== Supplied records

definition connected_graph :: "'a graph \<Rightarrow> bool" where
  "connected_graph G \<longleftrightarrow> verts G \<noteq> {} \<and>
     (\<forall>u\<in>verts G. \<forall>v\<in>verts G. (u, v) \<in> (adj_rel (edges G))\<^sup>*)"

definition edge_connectivity :: "'a graph \<Rightarrow> nat" where
  "edge_connectivity G =
     Min {card F | F. F \<subseteq> edges G \<and> \<not> connected_graph (verts G, edges G - F)}"

text \<open>A connectivity code: a collection of distinct spanning subgraphs (given by their
  edge sets) whose pairwise symmetric differences are connected graphs on V.\<close>
definition connectivity_code :: "'a graph \<Rightarrow> 'a set set set \<Rightarrow> bool" where
  "connectivity_code G C \<longleftrightarrow> (\<forall>E'\<in>C. E' \<subseteq> edges G) \<and>
     (\<forall>E1\<in>C. \<forall>E2\<in>C. E1 \<noteq> E2 \<longrightarrow>
        connected_graph (verts G, (E1 - E2) \<union> (E2 - E1)))"

definition max_code :: "'a graph \<Rightarrow> nat" where
  "max_code G = Max {card C | C. connectivity_code G C}"

end

theory Submission
  imports Defs
begin

text \<open>A vertex (v, i) of K_t \<times> C_s lies on the clique of layer i and on the v-th copy of
  C_s, so it has degree (t - 1) + 2, and deleting these t + 1 edges isolates it. Conversely,
  delete at most t edges and call a copy of C_s light if it lost at most one edge. A light copy
  stays connected, two light copies are still joined by one of their s > t clique edges, and
  counting deleted edges shows that every vertex of a heavy copy keeps a clique edge to a light
  copy.

  For the code bound, suppose there were 2^t + 1 codewords. At each of the s positions i, the
  cycle edges leaving layer i form one of 2^t patterns, so two codewords agree there. Since s
  exceeds the number (2^t + 1) 2^(t-1) of pairs of codewords, one pair agrees at two positions
  j < k; their symmetric difference then contains no cycle edge leaving layer j or layer k, so it
  does not connect the layers j + 1, ..., k to the rest.\<close>

section \<open>Graphs as pairs of vertex and edge sets\<close>

lemma verts_pair [simp]: "verts (V, E) = V"
  by (simp add: verts_def)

====

• [Problem details] Would you please transcribe the lines above exactly, starting with the first line of the material and ending with the line that has "delete at most"?

• [Response area]
definition connected_graph :: "'a graph \<Rightarrow> bool" where
  "connected_graph G \<longleftrightarrow> verts G \<noteq> {} \<and>
     (\<forall>u\<in>verts G. \<forall>v\<in>verts G. (u, v) \<in> (adj_rel (edges G))\<^sup>*)"

definition edge_connectivity :: "'a graph \<Rightarrow> nat" where
  "edge_connectivity G =
     Min {card F | F. F \<subseteq> edges G \<and> \<not> connected_graph (verts G, edges G - F)}"

text \<open>A connectivity code: a collection of distinct spanning subgraphs (given by their
  edge sets) whose pairwise symmetric differences are connected graphs on V.\<close>
definition connectivity_code :: "'a graph \<Rightarrow> 'a set set set \<Rightarrow> bool" where
  "connectivity_code G C \<longleftrightarrow> (\<forall>E'\<in>C. E' \<subseteq> edges G) \<and>
     (\<forall>E1\<in>C. \<forall>E2\<in>C. E1 \<noteq> E2 \<longrightarrow>
        connected_graph (verts G, (E1 - E2) \<union> (E2 - E1)))"

definition max_code :: "'a graph \<Rightarrow> nat" where
  "max_code G = Max {card C | C. connectivity_code G C}"

end

theory Submission
  imports Defs
begin

text \<open>A vertex (v, i) of K_t \<times> C_s lies on the clique of layer i and on the v-th copy of
  C_s, so it has degree (t - 1) + 2, and deleting these t + 1 edges isolates it. Conversely,
  delete at most t edges and call a copy of C_s light if it lost at most one edge. A light copy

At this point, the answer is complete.